Establishing connections within the franchise network can:

  • Foster a sense of camaraderie

  • Open the door to potential business partnerships and opportunities

  • Provide valuable first-hand knowledge regarding the practicalities of operating the franchise

  • Offer insights into potential challenges and benefits that might not be immediately clear from the franchisor’s promotional materials

Engaging with existing franchisees can be a valuable way to gain this knowledge and build relationships within the franchise community.

Adherence to Franchise System and Guidelines

To ensure the success of your franchise, consistent adherence to the franchisor’s established business model and practices is crucial. This includes maintaining uniformity in:

  • product quality

  • customer service

  • marketing materials

  • signage

  • overall brand image

Franchisees must avoid making unauthorized changes to products, advertising, or services in their own business, as this could lead to franchise termination.

While franchising offers the opportunity to own a business, it’s important to remember that franchisees usually have limited autonomy and must adhere to the franchisor’s established system and standards as outlined in the franchise agreement.

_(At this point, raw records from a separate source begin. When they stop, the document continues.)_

(* Let $\mathcal{H}$ be a finite-dimensional complex Hilbert space and let $L(\mathcal{H})$ be the space of linear operators on $\mathcal{H}$ with the Hilbert–Schmidt inner product. Let $U$ be a unitary operator on $\mathcal{H}$ and $A_1,\dots,A_n$ operators on $\mathcal{H}$ forming unital measurements, i.e. $\sum_jA_j^*A_j=I$ and $\sum_jA_jA_j^*=I$. Define linear maps on $L(\mathcal{H})$ by $C(\rho)=U\rho U^*$, $D(\rho)=\sum_{j=1}^nA_j\rho A_j^*$, and $\mathcal{L}(\rho)=qC(\rho)+pD(\rho)$ with $0<p,q<1$, $p+q=1$. If $\lambda=1$ is the only eigenvalue of $D$ with $|\lambda|=1$, then $\lambda=1$ is the only eigenvalue of $\mathcal{L}$ with $|\lambda|=1$. Moreover, if $1$ is an eigenvalue of $D$ of algebraic multiplicity $1$, then $1$ is an eigenvalue of $\mathcal{L}$ of algebraic multiplicity $1$. *)

theory Defs
  imports "Jordan_Normal_Form.Schur_Decomposition" "Jordan_Normal_Form.Char_Poly"
begin

text \<open>Operators on the n-dimensional complex Hilbert space H = C^n are n x n complex
matrices; L(H) is carrier_mat n n. Superoperators are maps complex mat => complex mat.\<close>

fun msum :: "nat \<Rightarrow> (nat \<Rightarrow> complex mat) \<Rightarrow> nat \<Rightarrow> complex mat" where
  "msum n f 0 = 0\<^sub>m n n"
| "msum n f (Suc k) = msum n f k + f k"

definition unitary_op :: "nat \<Rightarrow> complex mat \<Rightarrow> bool" where
  "unitary_op n U \<longleftrightarrow> U \<in> carrier_mat n n \<and> U * mat_adjoint U = 1\<^sub>m n \<and> mat_adjoint U * U = 1\<^sub>m n"

definition so_eigenvalue :: "nat \<Rightarrow> (complex mat \<Rightarrow> complex mat) \<Rightarrow> complex \<Rightarrow> bool" where
  "so_eigenvalue n T l \<longleftrightarrow> (\<exists>\<rho> \<in> carrier_mat n n. \<rho> \<noteq> 0\<^sub>m n n \<and> T \<rho> = l \<cdot>\<^sub>m \<rho>)"

definition mat_unit :: "nat \<Rightarrow> nat \<Rightarrow> nat \<Rightarrow> complex mat" where
  "mat_unit n k l = mat n n (\<lambda>(i,j). if i = k \<and> j = l then 1 else 0)"

text \<open>Matrix of a linear map T on L(H) with respect to the basis of matrix units,
  index (i,j) encoded as i*n+j.\<close>
definition so_matrix :: "nat \<Rightarrow> (complex mat \<Rightarrow> complex mat) \<Rightarrow> complex mat" where
  "so_matrix n T = mat (n*n) (n*n)
     (\<lambda>(r,c). T (mat_unit n (c div n) (c mod n)) $$ (r div n, r mod n))"

definition alg_mult :: "nat \<Rightarrow> (complex mat \<Rightarrow> complex mat) \<Rightarrow> complex \<Rightarrow> nat" where
  "alg_mult n T l = order l (char_poly (so_matrix n T))"

end

theory Submission
  imports Defs "Jordan_Normal_Form.Jordan_Normal_Form_Uniqueness" "Jordan_Normal_Form.Jordan_Normal_Form_Existence"
begin

text \<open>
  In the Hilbert--Schmidt norm the conjugation \<open>C\<close> is an isometry and the unital channel \<open>D\<close> is a
  contraction. By strict convexity of the norm, \<open>L \<rho> = \<lambda> \<rho>\<close> with \<open>|\<lambda>| = 1\<close> forces
  \<open>C \<rho> = D \<rho> = \<lambda> \<rho>\<close>, so every peripheral eigenvalue of \<open>L\<close> is one of \<open>D\<close>.

  Since \<open>D I = I\<close>, simplicity of the eigenvalue \<open>1\<close> of \<open>D\<close> makes the fixed points of \<open>D\<close>, and hence
  those of \<open>L\<close>, the multiples of \<open>I\<close>. If \<open>(L - 1)\<^sup>2 \<rho> = 0\<close>, then \<open>L \<rho> - \<rho>\<close> is such a fixed point
  and it is traceless because \<open>L\<close> preserves traces; so \<open>L \<rho> = \<rho>\<close>. Thus the second generalised
  eigenspace of \<open>L\<close> for \<open>1\<close> is spanned by \<open>I\<close>, and the Jordan normal form of the matrix of \<open>L\<close>
  shows that \<open>1\<close> has algebraic multiplicity one.
\<close>

section \<open>Adjoints, traces and finite sums of matrices\<close>

lemma dim_mat_adjoint [simp]:
  "dim_row (mat_adjoint (A :: complex mat)) = dim_col A"
  "dim_col (mat_adjoint (A :: complex mat)) = dim_row A"
  by (simp_all add: mat_adjoint_def)

lemma mat_adjoint_carrier [simp]:
  "(A :: complex mat) \<in> carrier_mat a b \<Longrightarrow> mat_adjoint A \<in> carrier_mat b a"
  by (rule carrier_matI) simp_all

lemma index_mat_adjoint [simp]:
  "i < dim_col A \<Longrightarrow> j < dim_row A \<Longrightarrow> mat_adjoint (A :: complex mat) $$ (i, j) = cnj (A $$ (j, i))"
  unfolding mat_adjoint_def mat_of_rows_def by simp

lemma mat_adjoint_adjoint [simp]: "mat_adjoint (mat_adjoint (A :: complex mat)) = A"
  by (rule eq_matI) simp_all

lemma mat_adjoint_mult:
  assumes "(A :: complex mat) \<in> carrier_mat a b" and "B \<in> carrier_mat b c"
  shows "mat_adjoint (A * B) = mat_adjoint B * mat_adjoint A"
  using assms by (intro eq_matI) (simp_all add: scalar_prod_def cnj_sum mult.commute)

lemma mat_adjoint_add:
  assumes "(A :: complex mat) \<in> carrier_mat a b" and "B \<in> carrier_mat a b"
  shows "mat_adjoint (A + B) = mat_adjoint A + mat_adjoint B"
  using assms by (intro eq_matI) simp_all

lemma mat_adjoint_zero [simp]: "mat_adjoint (0\<^sub>m a b :: complex mat) = 0\<^sub>m b a"
  unfolding mat_adjoint_def mat_of_rows_def by (rule eq_matI) auto

lemma mult_carrier_mat_square [simp]:
  "A \<in> carrier_mat n n \<Longrightarrow> B \<in> carrier_mat n n \<Longrightarrow> A * B \<in> carrier_mat n n"
  by (rule mult_carrier_mat)

lemma mat_adjoint_conj:
  assumes "(A :: complex mat) \<in> carrier_mat n n" and "X \<in> carrier_mat n n"
  shows "mat_adjoint (A * X * mat_adjoint A) = A * mat_adjoint X * mat_adjoint A"
  using assms by (simp add: mat_adjoint_mult[of _ n n _ n] assoc_mult_mat[of _ n n _ n _ n])

lemma one_smult_mat [simp]: "(1 :: 'a :: semiring_1) \<cdot>\<^sub>m A = A"
  by (rule eq_matI) simp_all

lemma minus_mat_eq_0_iff:
  assumes A: "(A :: 'a :: group_add mat) \<in> carrier_mat nr nc" and B: "B \<in> carrier_mat nr nc"
  shows "A - B = 0\<^sub>m nr nc \<longleftrightarrow> A = B"
proof
  assume diff: "A - B = 0\<^sub>m nr nc"
  show "A = B"
  proof (rule eq_matI)
    fix i j assume ij: "i < dim_row B" "j < dim_col B"
    then have "(A - B) $$ (i, j) = 0" using diff B by simp
    then show "A $$ (i, j) = B $$ (i, j)" using ij A B by simp
  qed (use A B in simp_all)
qed (use A in simp)

definition mat_trace :: "'a :: comm_ring_1 mat \<Rightarrow> 'a" where
  "mat_trace A = (\<Sum>i<dim_row A. A $$ (i, i))"

lemma mat_trace_mult_comm:
  assumes A: "(A :: 'a :: comm_ring_1 mat) \<in> carrier_mat a b" and B: "B \<in> carrier_mat b a"
  shows "mat_trace (A * B) = mat_trace (B * A)"
proof -
  have "mat_trace (A * B) = (\<Sum>i<a. \<Sum>k<b. A $$ (i, k) * B $$ (k, i))"
    using A B unfolding mat_trace_def by (simp add: scalar_prod_def atLeast0LessThan)
  also have "\<dots> = (\<Sum>k<b. \<Sum>i<a. B $$ (k, i) * A $$ (i, k))"
    by (subst sum.swap) (simp add: mult.commute)
  also have "\<dots> = mat_trace (B * A)"
    using A B unfolding mat_trace_def by (simp add: scalar_prod_def atLeast0LessThan)
  finally show ?thesis .
qed

lemma mat_trace_mult_cycle:
  assumes "(A :: 'a :: comm_ring_1 mat) \<in> carrier_mat n n" "B \<in> carrier_mat n n" "C \<in> carrier_mat n n"
  shows "mat_trace (A * B * C) = mat_trace (B * C * A)"
  using assms mat_trace_mult_comm[of A n n "B * C"] by (simp add: assoc_mult_mat[of _ n n _ n _ n])

lemma mat_trace_add:
  "(A :: 'a :: comm_ring_1 mat) \<in> carrier_mat n n \<Longrightarrow> B \<in> carrier_mat n n \<Longrightarrow>
   mat_trace (A + B) = mat_trace A + mat_trace B"
  unfolding mat_trace_def by (simp add: sum.distrib)

lemma mat_trace_minus:
  "(A :: 'a :: comm_ring_1 mat) \<in> carrier_mat n n \<Longrightarrow> B \<in> carrier_mat n n \<Longrightarrow>
   mat_trace (A - B) = mat_trace A - mat_trace B"
  unfolding mat_trace_def by (simp add: sum_subtractf)

lemma mat_trace_smult:
  "(A :: 'a :: comm_ring_1 mat) \<in> carrier_mat n n \<Longrightarrow> mat_trace (c \<cdot>\<^sub>m A) = c * mat_trace A"
  unfolding mat_trace_def by (simp add: sum_distrib_left)

lemma mat_trace_one: "mat_trace (1\<^sub>m n :: 'a :: comm_ring_1 mat) = of_nat n"
  unfolding mat_trace_def by simp

lemma msum_carrier [simp]:
  "(\<And>k. k < m \<Longrightarrow> f k \<in> carrier_mat n n) \<Longrightarrow> msum n f m \<in> carrier_mat n n"
  by (induct m) simp_all

lemma dim_msum:
  assumes "\<And>k. k < m \<Longrightarrow> f k \<in> carrier_mat n n"
  shows "dim_row (msum n f m) = n" "dim_col (msum n f m) = n"
  using carrier_matD[OF msum_carrier[OF assms]] by simp_all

Ongoing Education and Adaptability

In the ever-changing world of business, continuous learning and adaptability are vital for franchisees to remain competitive. By staying abreast of market trends and integrating innovative strategies into their operations, franchisees can ensure their business continues to thrive.

Whether it’s understanding new technologies, adjusting to changing consumer behaviors, or staying updated on industry regulations, ongoing education and adaptability can significantly contribute to the long-term success of your franchise business.

Summary

In conclusion, franchising offers a unique opportunity for entrepreneurs to venture into business with the backing of established brands. Whether you’re looking at food and beverage franchises, retail and service franchises, health and fitness franchises, or low-cost opportunities like home-based, mobile, or service-based franchises, the key to success lies in careful evaluation, comprehensive research, networking, adherence to established guidelines, and a continuous learning mindset. Remember, the success of your franchise is not just determined by the brand you choose, but also your dedication, commitment, and hard work.



Jack and Jill Johnson Franchise Consultants



Frequently Asked Questions

How profitable are franchises?

Franchises can be profitable, with profit margins typically ranging up to 20%. However, profitability varies among different franchise businesses.

What should I consider when evaluating franchise opportunities?

When evaluating franchise opportunities, it's crucial to consider the initial investment, ongoing fees, franchisor support, and brand reputation to make an informed decision. Consider all these factors carefully before making a commitment.

What are some low-cost franchise opportunities?

Consider looking into franchises such as Pink's Window Service, Bumble Roofing, and Bloomin Blinds for low-cost opportunities with potential for growth.

What are some tips for ensuring franchise success?

To ensure franchise success, it's crucial to have a passion for the product or service, network with other franchisees, follow franchise guidelines, and focus on ongoing education and adaptability. These factors can significantly impact the success of your franchise.

How important is franchisor support and training in franchise success?

Franchisor support and training are crucial for franchise success. They help franchisees understand the brand values and standards, leading to adherence and ultimately success.